長い黒髪を垂らした白服の女の幽霊・・・という貞子のビジュアルは、その後多くのエピゴーネンを生み出して
消費し尽くされた感がある。この作品以降の和製ホラーに出てくる幽霊が貞子のイメージを踏襲した類似品だったことを
考えれば、いかに本作が偉大だったか伺えよう。そのため改めて見直しても公開当時ほどのショックは感じられないが、
『リング』の大ヒットが有形無形でその後の和製ホラーに与えた影響の大きさを考えると、やはりこれは20世紀最後に生まれた
Jホラーのエポックメイキング的な位置にある映画と思う。
キャスト面では映画冒頭で死ぬ第一の犠牲者が少女時代の竹内結子だったり、頬がポチャポチャした松嶋菜々子の初々しさなど
見どころ多し。
音声は6.1 DTS-HD Master Audioと、2.0chドルビーサラウンド。
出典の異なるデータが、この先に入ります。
text \<open>The difference of the two means lies in the direction space of the true subspace and has norm
  at most \<open>\<delta>\<close>, so by the singular value bound its residual is controlled by the residuals of the
  centred \<open>Eg s - \<mu>\<^sub>T\<close>, which are at most the uncentred ones.\<close>

lemma norm_span_perp_mean_sub_mean_le:
  fixes Eg :: "nat \<Rightarrow> 'v::euclidean_space"
  assumes u: "orthonormal_cols k u"
    and us: "orthonormal_cols k' us" and k': "1 \<le> k'"
    and Eg_span: "\<And>i. i \<in> H \<Longrightarrow> Eg i - ms \<in> span (us ` {..<k'})"
    and H: "finite H" and T: "T \<subseteq> H" "T \<noteq> {}"
    and outer: "\<And>i. i \<in> H \<Longrightarrow> norm (Eg i - mean H Eg) \<le> \<delta>"
    and \<sigma>: "0 < \<sigma>"
    and sing: "\<sigma> \<le> kth_singular_value k' (map (\<lambda>s. Eg s - mean T Eg) (sorted_list_of_set T))"
  shows "(norm (span_perp k u (mean H Eg - mean T Eg)))\<^sup>2
    \<le> \<delta>\<^sup>2 / \<sigma>\<^sup>2 * (\<Sum>i\<in>T. (norm (span_perp k u (Eg i - m)))\<^sup>2)"
proof -
  define Q where "Q = span_perp k u"
  define W where "W = span (us ` {..<k'})"
  define r where "r i = Q (Eg i - m)" for i
  define vs where "vs = map (\<lambda>s. Eg s - mean T Eg) (sorted_list_of_set T)"
  have linQ: "linear Q" unfolding Q_def by (rule linear_span_perp)
  have finT: "finite T" using T H finite_subset by blast
  have W: "subspace W" unfolding W_def by simp
  have mean_W: "mean A Eg - ms \<in> W" if "A \<subseteq> H" "A \<noteq> {}" for A
    using mean_in_subspace[OF W, of A "\<lambda>i. Eg i - ms"] that Eg_span H finite_subset[OF that(1) H]
    unfolding W_def by (auto simp: mean_diff mean_const)
  have vs_W: "set vs \<subseteq> W"
  proof
    fix v assume "v \<in> set vs"
    then obtain s where s: "s \<in> T" "v = Eg s - mean T Eg" using finT unfolding vs_def by auto
    have "(Eg s - ms) - (mean T Eg - ms) \<in> W"
      using subspace_diff[OF W _ mean_W[OF T]] Eg_span s T unfolding W_def by blast
    then show "v \<in> W" using s by simp
  qed
  have "(mean H Eg - ms) - (mean T Eg - ms) \<in> W"
    using subspace_diff[OF W mean_W[of H] mean_W[OF T]] T by auto
  then have w_W: "mean H Eg - mean T Eg \<in> W" by simp
  have "mean T r = Q (mean T Eg - m)"
    using finT T linear_mean[OF linQ, of T "\<lambda>i. Eg i - m"]
    by (simp add: r_def[abs_def] mean_diff mean_const)
  then have centred: "Q (Eg i - mean T Eg) = r i - mean T r" for i
    using linear_diff[OF linQ, of "Eg i - m" "mean T Eg - m"] by (simp add: r_def)
  have "(\<Sum>s<length vs. (norm (Q (vs ! s)))\<^sup>2) = (\<Sum>i\<in>T. (norm (Q (Eg i - mean T Eg)))\<^sup>2)"
    unfolding vs_def by (rule sum_nth_map_sorted_list_of_set[OF finT])
  also have "\<dots> = (\<Sum>i\<in>T. (norm (r i - mean T r))\<^sup>2)" by (simp only: centred)
  also have "\<dots> \<le> (\<Sum>i\<in>T. (norm (r i))\<^sup>2)" by (rule sum_norm_sq_sub_mean_le[OF finT T(2)])
  finally have vs_le: "(\<Sum>s<length vs. (norm (Q (vs ! s)))\<^sup>2) \<le> (\<Sum>i\<in>T. (norm (r i))\<^sup>2)" .
  have "mean H Eg - mean T Eg = mean T (\<lambda>i. mean H Eg - Eg i)"
    using finT T by (simp add: mean_diff mean_const)
  then have "norm (mean H Eg - mean T Eg) \<le> \<delta>"
    using outer T finT by (auto intro!: norm_mean_le simp: norm_minus_commute)
  then have "(norm (mean H Eg - mean T Eg))\<^sup>2 \<le> \<delta>\<^sup>2" by (simp add: power_mono)
  with vs_le have "(norm (mean H Eg - mean T Eg))\<^sup>2 / \<sigma>\<^sup>2 * (\<Sum>s<length vs. (norm (Q (vs ! s)))\<^sup>2)
      \<le> \<delta>\<^sup>2 / \<sigma>\<^sup>2 * (\<Sum>i\<in>T. (norm (r i))\<^sup>2)"
    by (intro mult_mono divide_right_mono) (auto simp: sum_nonneg)
  moreover have "(norm (Q (mean H Eg - mean T Eg)))\<^sup>2
      \<le> (norm (mean H Eg - mean T Eg))\<^sup>2 / \<sigma>\<^sup>2 * (\<Sum>s<length vs. (norm (Q (vs ! s)))\<^sup>2)"
    using norm_span_perp_le_kth_singular_value[OF us k' u vs_W[unfolded W_def] \<sigma> _ w_W[unfolded W_def]]
      sing unfolding Q_def vs_def by blast
  ultimately show ?thesis unfolding Q_def r_def by linarith
qed
theorem lemma4p7:
  fixes Q :: "real^'e^'e" and n :: nat
  assumes "CARD('e) > 8"
    and "stochastic Q" and "irreducible_mat Q"
    and "\<forall>x y. Q $ x $ y = Q $ y $ x"
    and "trace Q = 0"
    and "n \<ge> 1"
  shows "(Lop Q ^^ n) Jmat - (L0op Q ^^ n) Jmat = (\<Sum>j<n. (Lop Q ^^ j) (eta Q (n - j)))
    \<and> eta Q n = (\<Sum>s. alpha Q (n - 1) s *\<^sub>R bracket Q s)"
proof
  have sym: "\<forall>x y. Q $ x $ y = Q $ y $ x" using assms(4) .
  have rows: "\<forall>x. (\<Sum>y\<in>UNIV. Q $ x $ y) = 1" using assms(2) by (simp add: stochastic_def)
  have eta_shift: "eta Q (n - j) = Lop Q ((L0op Q ^^ (n - Suc j)) Jmat) - (L0op Q ^^ (n - j)) Jmat" for j
    unfolding eta_def Suc_eq_plus1 diff_diff_left ..
  show "(Lop Q ^^ n) Jmat - (L0op Q ^^ n) Jmat = (\<Sum>j<n. (Lop Q ^^ j) (eta Q (n - j)))"
    unfolding funpow_diff_telescope[OF Lop_linear[OF sym rows]] eta_shift ..
  obtain m where n: "n = Suc m" using assms(6) by (cases n) auto
  have linD: "linear (\<lambda>C. Lop Q C - L0op Q C)"
    by (rule linear_compose_sub[OF Lop_linear[OF sym rows] L0op_linear])
  have "eta Q n = Lop Q ((L0op Q ^^ m) Jmat) - L0op Q ((L0op Q ^^ m) Jmat)"
    by (simp add: eta_def n)
  also have "\<dots> = (Lop Q Jmat - L0op Q Jmat)
      + (\<Sum>s\<le>m. alpha Q m s *\<^sub>R (Lop Q (cmat (matpow Q s)) - L0op Q (cmat (matpow Q s))))"
    unfolding L0op_power_Jmat[OF sym rows] linear_add[OF linD] linear_sum[OF linD]
      linear_scale[OF linD] ..
  also have "\<dots> = (\<Sum>s\<le>m. alpha Q m s *\<^sub>R bracket Q s)"
    by (simp add: Lop_minus_L0op_Jmat[OF sym rows] Lop_minus_L0op_matpow[OF sym rows])
  also have "\<dots> = (\<Sum>s. alpha Q (n - 1) s *\<^sub>R bracket Q s)"
    unfolding n diff_Suc_1 by (rule suminf_finite[symmetric]) (auto simp: alpha_vanishes)
  finally show "eta Q n = (\<Sum>s. alpha Q (n - 1) s *\<^sub>R bracket Q s)" .
qed

end
text \<open>Every polynomial splits as \<open>A + u B\<close> with \<open>A, B \<in> k[u\<^sup>2]\<close>; since \<open>u\<^sup>2\<close> is
  \<open>g\<close>-invariant and killed by \<open>x\<close>, so is all of \<open>k[u\<^sup>2]\<close>, and then \<open>g\<close> acts by
  \<open>A + u B \<mapsto> A - u B\<close> while \<open>x\<close> acts by \<open>A + u B \<mapsto> \<gamma> B\<close>.  Testing the centrality
  condition of a K-linear \<open>\<zeta>\<close> against \<open>a = u\<close> gives \<open>p u = u (g\<cdot>p) + \<xi>\<gamma> (x\<cdot>p)\<close> for every
  \<open>p\<close> in the image of \<open>\<zeta>\<close>, i.e. \<open>(2u\<^sup>2 - \<xi>\<gamma>\<^sup>2) B = 0\<close>, so \<open>B = 0\<close> because \<open>2 \<noteq> 0\<close>.
  Conversely, for \<open>g\<close>-invariant elements killed by \<open>x\<close> the braiding with any \<open>a\<close> reduces to
  the flip, so \<open>k[u\<^sup>2]\<close> is central.\<close>

lemma smult_half_double:
  fixes c :: "'a::field" and w :: "'a poly"
  assumes "(2::'a) \<noteq> 0"
  shows "smult (c / 2) (w + w) = smult c w"
proof -
  have "c / 2 + c / 2 = c"
    using assms by (simp add: field_simps)
  then show ?thesis
    by (metis smult_add_left smult_add_right)
qed

lemma pcompose_in_even_part: "pcompose q [:0, 0, 1:] \<in> even_part"
  unfolding even_part_def by blast

lemma even_partE:
  assumes "p \<in> even_part"
  obtains q where "p = pcompose q [:0, 0, 1:]"
  using assms unfolding even_part_def by blast

lemma zero_in_even_part: "0 \<in> even_part"
  using pcompose_in_even_part[of 0] by simp

lemma one_in_even_part: "1 \<in> even_part"
  using pcompose_in_even_part[of 1] by (simp only: pcompose_1)

lemma even_part_add: "p \<in> even_part \<Longrightarrow> q \<in> even_part \<Longrightarrow> p + q \<in> even_part"
  by (elim even_partE) (simp only: pcompose_add[symmetric] pcompose_in_even_part)

lemma even_part_mult: "p \<in> even_part \<Longrightarrow> q \<in> even_part \<Longrightarrow> p * q \<in> even_part"
  by (elim even_partE) (simp only: pcompose_mult[symmetric] pcompose_in_even_part)

lemma even_part_smult: "p \<in> even_part \<Longrightarrow> smult c p \<in> even_part"
  by (elim even_partE) (simp only: pcompose_smult[symmetric] pcompose_in_even_part)

lemma even_odd_decomposition:
  fixes p :: "'a::field poly"
  obtains A B where "A \<in> even_part" "B \<in> even_part" "p = A + [:0, 1:] * B"
proof -
  have "\<exists>a b. p = pcompose a [:0, 0, 1:] + [:0, 1:] * pcompose b [:0, 0, 1:]"
  proof (induction p)
    case 0
    show ?case by (intro exI[of _ 0]) simp
  next
    case (pCons c q)
    then obtain a b where q: "q = pcompose a [:0, 0, 1:] + [:0, 1:] * pcompose b [:0, 0, 1:]"
      by blast
    have "pCons c q = pcompose (pCons c b) [:0, 0, 1:] + [:0, 1:] * pcompose a [:0, 0, 1:]"
      unfolding q pcompose_pCons by (simp add: pCons_eq_iff algebra_simps)
    then show ?case by blast
  qed
  then show thesis
    using that pcompose_in_even_part by blast
qed

lemma A_gamma_action_linear:
  assumes "A_gamma_action \<gamma> G X"
  shows "G 0 = 0" "G (p + q) = G p + G q" "G (smult c p) = smult c (G p)"
    and "X 0 = 0" "X (p + q) = X p + X q" "X (smult c p) = smult c (X p)"
    and "G [:c:] = [:c:]" "X [:c:] = 0"
proof -
  have "Vector_Spaces.linear smult smult G" "Vector_Spaces.linear smult smult X"
    using assms unfolding A_gamma_action_def by auto
  then have G: "module_hom smult smult G" and X: "module_hom smult smult X"
    unfolding Vector_Spaces.linear_iff_module_hom .
  show "G 0 = 0" "G (p + q) = G p + G q" "G (smult c p) = smult c (G p)"
    "X 0 = 0" "X (p + q) = X p + X q" "X (smult c p) = smult c (X p)"
    using module_hom.zero[OF G] module_hom.add[OF G] module_hom.scale[OF G]
      module_hom.zero[OF X] module_hom.add[OF X] module_hom.scale[OF X] by simp_all
  have "G 1 = 1" "X 1 = 0"
    using assms unfolding A_gamma_action_def by auto
  then show "G [:c:] = [:c:]" "X [:c:] = 0"
    using module_hom.scale[OF G, of c 1] module_hom.scale[OF X, of c 1] by simp_all
qed

lemma A_gamma_action_mult:
  assumes "A_gamma_action \<gamma> G X"
  shows "G (p * q) = G p * G q" "X (p * q) = G p * X q + X p * q"
    and "G [:0, 1:] = [:0, -1:]" "X [:0, 1:] = [:\<gamma>:]"
  using assms unfolding A_gamma_action_def by auto

lemma A_gamma_action_u_squared:
  assumes "A_gamma_action \<gamma> G X"
  shows "G [:0, 0, 1:] = [:0, 0, 1:]" "X [:0, 0, 1:] = 0"
proof -
  have u2: "[:0, 0, 1:] = [:0, 1:] * ([:0, 1:] :: 'a poly)" by simp
  show "G [:0, 0, 1:] = [:0, 0, 1:]" "X [:0, 0, 1:] = 0"
    unfolding u2 A_gamma_action_mult[OF assms] by simp_all
qed

lemma A_gamma_action_even_part:
  assumes act: "A_gamma_action \<gamma> G X" and "p \<in> even_part"
  shows "G p = p" "X p = 0"
proof -
  have "G (pcompose q [:0, 0, 1:]) = pcompose q [:0, 0, 1:] \<and> X (pcompose q [:0, 0, 1:]) = 0" for q
  proof (induction q)
    case (pCons c q)
    then show ?case
      unfolding pcompose_pCons A_gamma_action_linear[OF act] A_gamma_action_mult[OF act]
        A_gamma_action_u_squared[OF act] by simp
  qed (simp add: A_gamma_action_linear[OF act])
  with \<open>p \<in> even_part\<close> show "G p = p" "X p = 0"
    by (auto elim: even_partE)
qed

lemma A_gamma_action_even_odd:
  assumes act: "A_gamma_action \<gamma> G X" and "A \<in> even_part" "B \<in> even_part"
  shows "G (A + [:0, 1:] * B) = A - [:0, 1:] * B" "X (A + [:0, 1:] * B) = smult \<gamma> B"
proof -
  have "G (A + [:0, 1:] * B) = A + [:0, -1:] * B" "X (A + [:0, 1:] * B) = [:\<gamma>:] * B"
    using assms by (simp_all only: A_gamma_action_linear[OF act] A_gamma_action_mult[OF act]
        A_gamma_action_even_part[OF act] mult_zero_right add_0_left add_0_right)
  then show "G (A + [:0, 1:] * B) = A - [:0, 1:] * B" "X (A + [:0, 1:] * B) = smult \<gamma> B"
    by simp_all
qed

lemma mPsi_at_u:
  assumes act: "A_gamma_action (\<gamma>::'a::field) G X" and char: "(2::'a) \<noteq> 0"
  shows "mPsi \<xi> G X GZ XZ \<zeta> z [:0, 1:] = [:0, 1:] * \<zeta> (GZ z) + smult (\<xi> * \<gamma>) (\<zeta> (XZ z))"
proof -
  have "mPsi \<xi> G X GZ XZ \<zeta> z [:0, 1:]
      = smult (1 / 2) ([:0, 1:] * \<zeta> (GZ z) + [:0, 1:] * \<zeta> (GZ z))
        + smult (\<xi> / 2) (smult \<gamma> (\<zeta> (XZ z)) + smult \<gamma> (\<zeta> (XZ z)))"
    unfolding mPsi_def A_gamma_action_mult[OF act] A_gamma_action_linear[OF act]
    by (simp add: algebra_simps)
  then show ?thesis
    by (simp only: smult_half_double[OF char]) (simp add: mult.commute)
qed

lemma mPsi_id_of_invariant:
  assumes act: "A_gamma_action (\<gamma>::'a::field) G X" and char: "(2::'a) \<noteq> 0"
    and "G z = z" "X z = 0"
  shows "mPsi \<xi> G X G X id z a = z * a"
proof -
  have "mPsi \<xi> G X G X id z a = smult (1 / 2) (z * a + z * a)"
    using assms(3,4) unfolding mPsi_def by (simp add: A_gamma_action_linear[OF act] algebra_simps)
  also have "\<dots> = z * a"
    using smult_half_double[OF char, of 1 "z * a"] by (simp only: smult_1_left)
  finally show ?thesis .
qed

lemma commutes_with_u_imp_even_part:
  assumes act: "A_gamma_action (\<gamma>::'a::field) G X" and char: "(2::'a) \<noteq> 0"
    and comm: "p * [:0, 1:] = [:0, 1:] * G p + smult (\<xi> * \<gamma>) (X p)"
  shows "p \<in> even_part"
proof -
  obtain A B where AB: "A \<in> even_part" "B \<in> even_part" and p: "p = A + [:0, 1:] * B"
    by (rule even_odd_decomposition)
  have sides_difference: "2 * (u * u) * B - smult c B = (A + u * B) * u - (u * (A - u * B) + smult c B)"
    for u :: "'a poly" and c :: 'a
    by (simp add: algebra_simps mult_2)
  have comm_AB:
    "(A + [:0, 1:] * B) * [:0, 1:] = [:0, 1:] * (A - [:0, 1:] * B) + smult (\<xi> * \<gamma> * \<gamma>) B"
    using comm unfolding p A_gamma_action_even_odd[OF act AB] smult_smult .
  have "[:- (\<xi> * \<gamma> * \<gamma>), 0, 2:] * B = 2 * ([:0, 1:] * [:0, 1:]) * B - smult (\<xi> * \<gamma> * \<gamma>) B"
    by (simp add: numeral_mult_conv_smult)
  also have "\<dots> = 0"
    unfolding sides_difference comm_AB by simp
  finally have "[:- (\<xi> * \<gamma> * \<gamma>), 0, 2:] * B = 0" .
  moreover have "[:- (\<xi> * \<gamma> * \<gamma>), 0, 2:] \<noteq> 0"
    using char by simp
  ultimately have "B = 0"
    by (metis mult_eq_0_iff)
  with p AB show ?thesis
    by simp
qed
特典映像には文字だけで構成した30秒ほどの特報と
『らせん』の映像をザッピングして作った予告編をHD画質で収録。この予告編の最後に流れる「♪きっと来る〜」という主題歌も
忘れがたい。
ローコントラストポジからのテレシネは、ややザラッとした質感の画面で昨今の新作映画のブルーレイには及ばないが、
1998年の映画と思えば仕方ないかも? 作品の性格上、薄暗い室内やナイトシーンが多いが、暗がりの箇所にフィルムグレインを
高めに感じる。それでも99年発売のジュエルケースのDVD(これは酷い低画質)、ニューマスターを使った09年のHi-Bit版DVDに
比べれば画質は飛躍的に向上しているのでOK。ポジから起こした10数年前の映画ならこれぐらいでしょう。
待望のブルーレイ化にしては解説書やチャプター表などの封入物が全く無いのは寂しかったですね。